(* Let $n,d\in\mathbb{N}$, and let $\psi_1:\mathbb{R}^d\to\mathbb{C}$ and $\psi_2:\mathbb{R}^n\to\mathbb{C}$ be characteristic exponents of Lévy processes with Lévy triplets $(b_1,Q_1,\nu_1)$ and $(b_2,Q_2,\nu_2)$. Then \[ \{(x,y)\in\mathbb{R}^d\times\mathbb{R}^n\mid\psi_1(x)+\psi_2(y)=0\}=\{(x,y)\in\mathbb{R}^d\times\mathbb{R}^n\mid \psi_1(x)\in i\mathbb{R},\ \psi_2(y)\in i\mathbb{R},\ b_1^x+b_2^y=0\}. \]
   Context: A characteristic exponent with Lévy triplet $(b,Q,\nu)$ on $\mathbb{R}^k$ is $\psi(\xi)=-ib\cdot\xi+\tfrac12\xi\cdot Q\xi+\int_{0<|z|<1}(1-e^{iz\cdot\xi}+iz\cdot\xi)\nu(dz)+\int_{|z|\ge1}(1-e^{iz\cdot\xi})\nu(dz)$. For such a triplet and $x\in\mathbb{R}^k$, define $b^x:=x\cdot b+\int x\cdot z\big(\mathbf 1_{(0,1)}(|x\cdot z|)-\mathbf 1_{(0,1)}(|z|)\big)\nu(dz)$ (the drift of the one-dimensional Lévy process $x\cdot X_t$). Here $b_1^x$ is built from $(b_1,\nu_1)$ and $b_2^y$ from $(b_2,\nu_2)$. *)

theory Defs
  imports "HOL-Analysis.Analysis"
begin

text \<open>Vectors of R^k are rendered as real^'k (k = CARD('k)); matrices as real^'k^'k.\<close>

definition levy_triplet :: "real^'k \<Rightarrow> real^'k^'k \<Rightarrow> (real^'k) measure \<Rightarrow> bool" where
  "levy_triplet b Q \<nu> \<longleftrightarrow>
     transpose Q = Q \<and> (\<forall>\<xi>. 0 \<le> \<xi> \<bullet> (Q *v \<xi>)) \<and>
     sets \<nu> = sets borel \<and> emeasure \<nu> {0} = 0 \<and>
     (\<integral>\<^sup>+ z. ennreal (min 1 ((norm z)\<^sup>2)) \<partial>\<nu>) < \<infinity>"

definition char_exponent :: "real^'k \<Rightarrow> real^'k^'k \<Rightarrow> (real^'k) measure \<Rightarrow> real^'k \<Rightarrow> complex" where
  "char_exponent b Q \<nu> \<xi> =
     - \<i> * complex_of_real (b \<bullet> \<xi>) + complex_of_real ((\<xi> \<bullet> (Q *v \<xi>)) / 2)
     + (\<integral> z. indicator {z. 0 < norm z \<and> norm z < 1} z *\<^sub>R
              (1 - cis (z \<bullet> \<xi>) + \<i> * complex_of_real (z \<bullet> \<xi>)) \<partial>\<nu>)
     + (\<integral> z. indicator {z. 1 \<le> norm z} z *\<^sub>R (1 - cis (z \<bullet> \<xi>)) \<partial>\<nu>)"

text \<open>The drift b^x of the one-dimensional Levy process x.X_t;
  1_{(0,1)}(t) is the indicator of the open interval (0,1).\<close>
definition proj_drift :: "real^'k \<Rightarrow> (real^'k) measure \<Rightarrow> real^'k \<Rightarrow> real" where
  "proj_drift b \<nu> x =
     x \<bullet> b + (\<integral> z. (x \<bullet> z) * (indicator {0<..<1} \<bar>x \<bullet> z\<bar> - indicator {0<..<1} (norm z)) \<partial>\<nu>)"

end

theory Submission
  imports Defs "HOL-Probability.Characteristic_Functions"
begin

text \<open>Taking real parts, \<open>Re \<psi>(\<xi>) = \<xi>\<bullet>Q\<xi>/2 + \<integral>(1 - cos (z\<bullet>\<xi>)) d\<nu>(z)\<close> is nonnegative,
  so \<open>\<psi>\<^sub>1(x) + \<psi>\<^sub>2(y) = 0\<close> forces both real parts to vanish. A vanishing real part
  means \<open>z\<bullet>\<xi> \<in> 2\<pi>\<int>\<close> for \<open>\<nu>\<close>-almost every \<open>z\<close>. Then almost everywhere \<open>sin (z\<bullet>\<xi>) = 0\<close>,
  which kills the oscillating part of \<open>Im \<psi>(\<xi>)\<close>, and \<open>\<bar>z\<bullet>\<xi>\<bar> \<notin> (0,1)\<close>, which reduces the
  correction term in \<open>b\<^sup>\<xi>\<close> to the compensator over \<open>0 < |z| < 1\<close>; hence \<open>\<psi>(\<xi>) = -\<i> b\<^sup>\<xi>\<close>,
  and the remaining condition is \<open>b\<^sub>1\<^sup>x + b\<^sub>2\<^sup>y = 0\<close>.\<close>

definition small_jump_integrand :: "'a::real_inner \<Rightarrow> 'a \<Rightarrow> complex" where
  "small_jump_integrand \<xi> z = indicator {z. 0 < norm z \<and> norm z < 1} z *\<^sub>R
     (1 - cis (z \<bullet> \<xi>) + \<i> * complex_of_real (z \<bullet> \<xi>))"

definition large_jump_integrand :: "'a::real_inner \<Rightarrow> 'a \<Rightarrow> complex" where
  "large_jump_integrand \<xi> z = indicator {z. 1 \<le> norm z} z *\<^sub>R (1 - cis (z \<bullet> \<xi>))"

lemma char_exponent_altdef:
  "char_exponent b Q \<nu> \<xi> =
     - \<i> * complex_of_real (b \<bullet> \<xi>) + complex_of_real ((\<xi> \<bullet> (Q *v \<xi>)) / 2)
     + (\<integral>z. small_jump_integrand \<xi> z \<partial>\<nu>) + (\<integral>z. large_jump_integrand \<xi> z \<partial>\<nu>)"
  unfolding char_exponent_def small_jump_integrand_def large_jump_integrand_def ..

lemma norm_small_jump_integrand_le:
  "norm (small_jump_integrand \<xi> z) \<le> (norm \<xi>)\<^sup>2 / 2 * min 1 ((norm z)\<^sup>2)"
proof (cases "0 < norm z \<and> norm z < 1")
  case True
  let ?t = "z \<bullet> \<xi>"
  have "1 - cis ?t + \<i> * ?t = - (iexp ?t - (\<Sum>k \<le> 1. (\<i> * ?t)^k / fact k))"
    by (simp add: cis_conv_exp)
  then have "cmod (1 - cis ?t + \<i> * ?t) = cmod (iexp ?t - (\<Sum>k \<le> 1. (\<i> * ?t)^k / fact k))"
    by (metis norm_minus_cancel)
  also have "\<dots> \<le> ?t\<^sup>2 / 2"
    using iexp_approx1[of ?t 1] by (simp add: numeral_2_eq_2)
  also have "\<dots> \<le> (norm z * norm \<xi>)\<^sup>2 / 2"
    using power_mono[OF Cauchy_Schwarz_ineq2[of z \<xi>] abs_ge_zero, of 2] by simp
  finally show ?thesis
    using True by (simp add: indicator_def small_jump_integrand_def power_le_one
        power_mult_distrib mult.commute)
qed (simp add: small_jump_integrand_def)

lemma norm_large_jump_integrand_le:
  "norm (large_jump_integrand \<xi> z) \<le> 2 * min 1 ((norm z)\<^sup>2)"
proof (cases "1 \<le> norm z")
  case True
  have "cmod (1 - cis (z \<bullet> \<xi>)) \<le> 2"
    using norm_triangle_ineq4[of 1 "cis (z \<bullet> \<xi>)"] by simp
  then show ?thesis
    using True by (simp add: large_jump_integrand_def one_le_power)
qed (simp add: large_jump_integrand_def)

lemma levy_triplet_borel_measurable_eq:
  "levy_triplet b Q \<nu> \<Longrightarrow> borel_measurable \<nu> = borel_measurable borel"
  unfolding levy_triplet_def by (intro measurable_cong_sets) auto

lemma levy_triplet_integrable_min_1_norm_sq:
  assumes "levy_triplet b Q \<nu>"
  shows "integrable \<nu> (\<lambda>z. min 1 ((norm z)\<^sup>2))"
proof -
  have "(\<lambda>z. min 1 ((norm z)\<^sup>2)) \<in> borel_measurable \<nu>"
    unfolding levy_triplet_borel_measurable_eq[OF assms] by measurable
  then show ?thesis
    using assms unfolding integrable_iff_bounded levy_triplet_def by simp
qed

lemma
  fixes \<xi> :: "real^'k"
  assumes "levy_triplet b Q \<nu>"
  shows integrable_small_jump_integrand: "integrable \<nu> (small_jump_integrand \<xi>)"
    and integrable_large_jump_integrand: "integrable \<nu> (large_jump_integrand \<xi>)"
proof -
  have [measurable]: "(\<lambda>z. cis (z \<bullet> \<xi>)) \<in> borel_measurable borel"
    unfolding cis_conv_exp by (intro borel_measurable_continuous_onI continuous_intros)
  have [measurable]: "(\<lambda>z. \<i> * complex_of_real (z \<bullet> \<xi>)) \<in> borel_measurable borel"
    by (intro borel_measurable_continuous_onI continuous_intros)
  note meas = levy_triplet_borel_measurable_eq[OF assms]
  note dom = levy_triplet_integrable_min_1_norm_sq[OF assms]
  show "integrable \<nu> (small_jump_integrand \<xi>)"
  proof (rule Bochner_Integration.integrable_bound)
    show "integrable \<nu> (\<lambda>z. (norm \<xi>)\<^sup>2 / 2 * min 1 ((norm z)\<^sup>2))"
      using dom by simp
    show "small_jump_integrand \<xi> \<in> borel_measurable \<nu>"
      unfolding meas small_jump_integrand_def by measurable
  qed (use norm_small_jump_integrand_le in auto)
  show "integrable \<nu> (large_jump_integrand \<xi>)"
  proof (rule Bochner_Integration.integrable_bound)
    show "integrable \<nu> (\<lambda>z. 2 * min 1 ((norm z)\<^sup>2))"
      using dom by simp
    show "large_jump_integrand \<xi> \<in> borel_measurable \<nu>"
      unfolding meas large_jump_integrand_def by measurable
  qed (use norm_large_jump_integrand_le in auto)
qed

lemma Re_small_plus_large_jump_integrand:
  "Re (small_jump_integrand \<xi> z) + Re (large_jump_integrand \<xi> z) = 1 - cos (z \<bullet> \<xi>)"
  by (cases "z = 0") (auto simp: small_jump_integrand_def large_jump_integrand_def indicator_def)

lemma
  fixes \<xi> :: "real^'k"
  assumes "levy_triplet b Q \<nu>"
  shows integrable_one_minus_cos: "integrable \<nu> (\<lambda>z. 1 - cos (z \<bullet> \<xi>))"
    and Re_char_exponent:
      "Re (char_exponent b Q \<nu> \<xi>) = \<xi> \<bullet> (Q *v \<xi>) / 2 + (\<integral>z. 1 - cos (z \<bullet> \<xi>) \<partial>\<nu>)"
proof -
  note small = integrable_small_jump_integrand[OF assms, of \<xi>]
  note large = integrable_large_jump_integrand[OF assms, of \<xi>]
  from Bochner_Integration.integrable_add[OF integrable_Re[OF small] integrable_Re[OF large]]
  show "integrable \<nu> (\<lambda>z. 1 - cos (z \<bullet> \<xi>))"
    by (simp add: Re_small_plus_large_jump_integrand)
  have "Re (char_exponent b Q \<nu> \<xi>) = \<xi> \<bullet> (Q *v \<xi>) / 2
      + (\<integral>z. Re (small_jump_integrand \<xi> z) \<partial>\<nu>) + (\<integral>z. Re (large_jump_integrand \<xi> z) \<partial>\<nu>)"
    by (simp add: char_exponent_altdef integral_Re[OF small] integral_Re[OF large])
  also have "\<dots> = \<xi> \<bullet> (Q *v \<xi>) / 2
      + (\<integral>z. Re (small_jump_integrand \<xi> z) + Re (large_jump_integrand \<xi> z) \<partial>\<nu>)"
    using Bochner_Integration.integral_add[OF integrable_Re[OF small] integrable_Re[OF large]]
    by simp
  finally show "Re (char_exponent b Q \<nu> \<xi>) = \<xi> \<bullet> (Q *v \<xi>) / 2 + (\<integral>z. 1 - cos (z \<bullet> \<xi>) \<partial>\<nu>)"
    by (simp add: Re_small_plus_large_jump_integrand)
qed

lemma levy_triplet_quadratic_form_nonneg: "levy_triplet b Q \<nu> \<Longrightarrow> 0 \<le> \<xi> \<bullet> (Q *v \<xi>)"
  unfolding levy_triplet_def by blast

lemma integral_one_minus_cos_nonneg: "0 \<le> (\<integral>z. 1 - cos (z \<bullet> \<xi>) \<partial>\<nu>)"
  by (intro integral_nonneg_AE AE_I2) simp

lemma Re_char_exponent_nonneg: "levy_triplet b Q \<nu> \<Longrightarrow> 0 \<le> Re (char_exponent b Q \<nu> \<xi>)"
  using levy_triplet_quadratic_form_nonneg[of b Q \<nu> \<xi>] integral_one_minus_cos_nonneg[of \<nu> \<xi>]
  by (simp add: Re_char_exponent)

lemma AE_cos_eq_1_if_Re_char_exponent_eq_0:
  assumes "levy_triplet b Q \<nu>" and "Re (char_exponent b Q \<nu> \<xi>) = 0"
  shows "AE z in \<nu>. cos (z \<bullet> \<xi>) = 1"
proof -
  have "(\<integral>z. 1 - cos (z \<bullet> \<xi>) \<partial>\<nu>) = 0"
    using assms Re_char_exponent[OF assms(1), of \<xi>] levy_triplet_quadratic_form_nonneg[OF assms(1), of \<xi>]
      integral_one_minus_cos_nonneg[of \<nu> \<xi>]
    by linarith
  then show ?thesis
    using integral_nonneg_eq_0_iff_AE[OF integrable_one_minus_cos[OF assms(1)]] by simp
qed

lemma cis_eq_1_if_cos_eq_1: "cos t = 1 \<Longrightarrow> cis t = 1"
  using cos_one_sin_zero[of t] by (simp add: complex_eq_iff)

lemma abs_notin_unit_interval_if_cos_eq_1:
  fixes t :: real
  assumes "cos t = 1"
  shows "\<bar>t\<bar> \<notin> {0<..<1}"
proof
  assume t: "\<bar>t\<bar> \<in> {0<..<1}"
  obtain n :: int where n: "t = real_of_int n * 2 * pi"
    using assms cos_one_2pi_int by blast
  with t have "1 \<le> \<bar>real_of_int n\<bar>"
    by auto
  then have "1 * (2 * pi) \<le> \<bar>real_of_int n\<bar> * (2 * pi)"
    by (intro mult_right_mono) auto
  also have "\<dots> = \<bar>t\<bar>"
    using n by (simp add: abs_mult)
  finally show False
    using t pi_gt3
    by simp
qed

lemma Im_char_exponent_if_AE_cos_eq_1:
  fixes \<xi> :: "real^'k"
  assumes levy: "levy_triplet b Q \<nu>" and cos_1: "AE z in \<nu>. cos (z \<bullet> \<xi>) = 1"
  shows "Im (char_exponent b Q \<nu> \<xi>) = - proj_drift b \<nu> \<xi>"
proof -
  define S where "S = {z::real^'k. 0 < norm z \<and> norm z < 1}"
  note meas = levy_triplet_borel_measurable_eq[OF levy]
  have small: "(\<integral>z. small_jump_integrand \<xi> z \<partial>\<nu>)
      = (\<integral>z. \<i> * complex_of_real (indicator S z * (z \<bullet> \<xi>)) \<partial>\<nu>)"
  proof (rule integral_cong_AE)
    show "small_jump_integrand \<xi> \<in> borel_measurable \<nu>"
      using integrable_small_jump_integrand[OF levy] by (rule borel_measurable_integrable)
    show "(\<lambda>z. \<i> * complex_of_real (indicator S z * (z \<bullet> \<xi>))) \<in> borel_measurable \<nu>"
      unfolding meas S_def by measurable
    show "AE z in \<nu>. small_jump_integrand \<xi> z = \<i> * complex_of_real (indicator S z * (z \<bullet> \<xi>))"
      using cos_1 by eventually_elim
        (simp add: small_jump_integrand_def S_def indicator_def cis_eq_1_if_cos_eq_1)
  qed
  have large: "(\<integral>z. large_jump_integrand \<xi> z \<partial>\<nu>) = 0"
    using cos_1 by (intro integral_eq_zero_AE, eventually_elim)
      (simp add: large_jump_integrand_def cis_eq_1_if_cos_eq_1)
  have drift: "(\<integral>z. (\<xi> \<bullet> z) * (indicator {0<..<1} \<bar>\<xi> \<bullet> z\<bar> - indicator {0<..<1} (norm z)) \<partial>\<nu>)
      = (\<integral>z. - (indicator S z * (z \<bullet> \<xi>)) \<partial>\<nu>)"
  proof (rule integral_cong_AE)
    show "AE z in \<nu>. (\<xi> \<bullet> z) * (indicator {0<..<1} \<bar>\<xi> \<bullet> z\<bar> - indicator {0<..<1} (norm z))
        = - (indicator S z * (z \<bullet> \<xi>))"
      using cos_1 by eventually_elim
        (fastforce dest: abs_notin_unit_interval_if_cos_eq_1 simp: S_def indicator_def inner_commute)
  qed (simp_all add: meas S_def)
  show ?thesis
    unfolding char_exponent_altdef proj_drift_def small large drift
      integral_mult_right_zero integral_minus integral_complex_of_real
    by (simp add: inner_commute)
qed

lemma char_exponent_eq_if_Re_eq_0:
  assumes "levy_triplet b Q \<nu>" and "Re (char_exponent b Q \<nu> \<xi>) = 0"
  shows "char_exponent b Q \<nu> \<xi> = - \<i> * complex_of_real (proj_drift b \<nu> \<xi>)"
  using assms Im_char_exponent_if_AE_cos_eq_1[OF assms(1) AE_cos_eq_1_if_Re_char_exponent_eq_0[OF assms]]
  by (simp add: complex_eq_iff)

theorem lemma5p3:
  fixes b1 :: "real^'d" and Q1 :: "real^'d^'d" and \<nu>1 :: "(real^'d) measure"
    and b2 :: "real^'n" and Q2 :: "real^'n^'n" and \<nu>2 :: "(real^'n) measure"
  assumes "levy_triplet b1 Q1 \<nu>1" and "levy_triplet b2 Q2 \<nu>2"
  shows "{(x, y). char_exponent b1 Q1 \<nu>1 x + char_exponent b2 Q2 \<nu>2 y = 0}
       = {(x, y). Re (char_exponent b1 Q1 \<nu>1 x) = 0 \<and> Re (char_exponent b2 Q2 \<nu>2 y) = 0
                 \<and> proj_drift b1 \<nu>1 x + proj_drift b2 \<nu>2 y = 0}"
proof (intro set_eqI iffI; clarsimp)
  fix x y
  assume sum_0: "char_exponent b1 Q1 \<nu>1 x + char_exponent b2 Q2 \<nu>2 y = 0"
  then have "Re (char_exponent b1 Q1 \<nu>1 x) + Re (char_exponent b2 Q2 \<nu>2 y) = 0"
    by (simp add: complex_eq_iff)
  with Re_char_exponent_nonneg[OF assms(1), of x] Re_char_exponent_nonneg[OF assms(2), of y]
  have "Re (char_exponent b1 Q1 \<nu>1 x) = 0" "Re (char_exponent b2 Q2 \<nu>2 y) = 0"
    by linarith+
  with sum_0 show "Re (char_exponent b1 Q1 \<nu>1 x) = 0 \<and> Re (char_exponent b2 Q2 \<nu>2 y) = 0
      \<and> proj_drift b1 \<nu>1 x + proj_drift b2 \<nu>2 y = 0"
    by (simp add: char_exponent_eq_if_Re_eq_0[OF assms(1)] char_exponent_eq_if_Re_eq_0[OF assms(2)]
        complex_eq_iff)
next
  fix x y
  assume "Re (char_exponent b1 Q1 \<nu>1 x) = 0" "Re (char_exponent b2 Q2 \<nu>2 y) = 0"
    and "proj_drift b1 \<nu>1 x + proj_drift b2 \<nu>2 y = 0"
  then show "char_exponent b1 Q1 \<nu>1 x + char_exponent b2 Q2 \<nu>2 y = 0"
    by (simp add: char_exponent_eq_if_Re_eq_0[OF assms(1)] char_exponent_eq_if_Re_eq_0[OF assms(2)]
        complex_eq_iff)
qed

end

::::

» TASK ITEM: All lines in the listing above between the line with "qed (use norm_small_jump_integrand_le" and the line with "(large_jump_integrand \<xi> z) = 1", inclusive, should be set down exactly, and no line outside that range.

» PROBLEM SOLUTION:
  qed (use norm_small_jump_integrand_le in auto)
  show "integrable \<nu> (large_jump_integrand \<xi>)"
  proof (rule Bochner_Integration.integrable_bound)
    show "integrable \<nu> (\<lambda>z. 2 * min 1 ((norm z)\<^sup>2))"
      using dom by simp
    show "large_jump_integrand \<xi> \<in> borel_measurable \<nu>"
      unfolding meas large_jump_integrand_def by measurable
  qed (use norm_large_jump_integrand_le in auto)
qed

lemma Re_small_plus_large_jump_integrand:
  "Re (small_jump_integrand \<xi> z) + Re (large_jump_integrand \<xi> z) = 1 - cos (z \<bullet> \<xi>)"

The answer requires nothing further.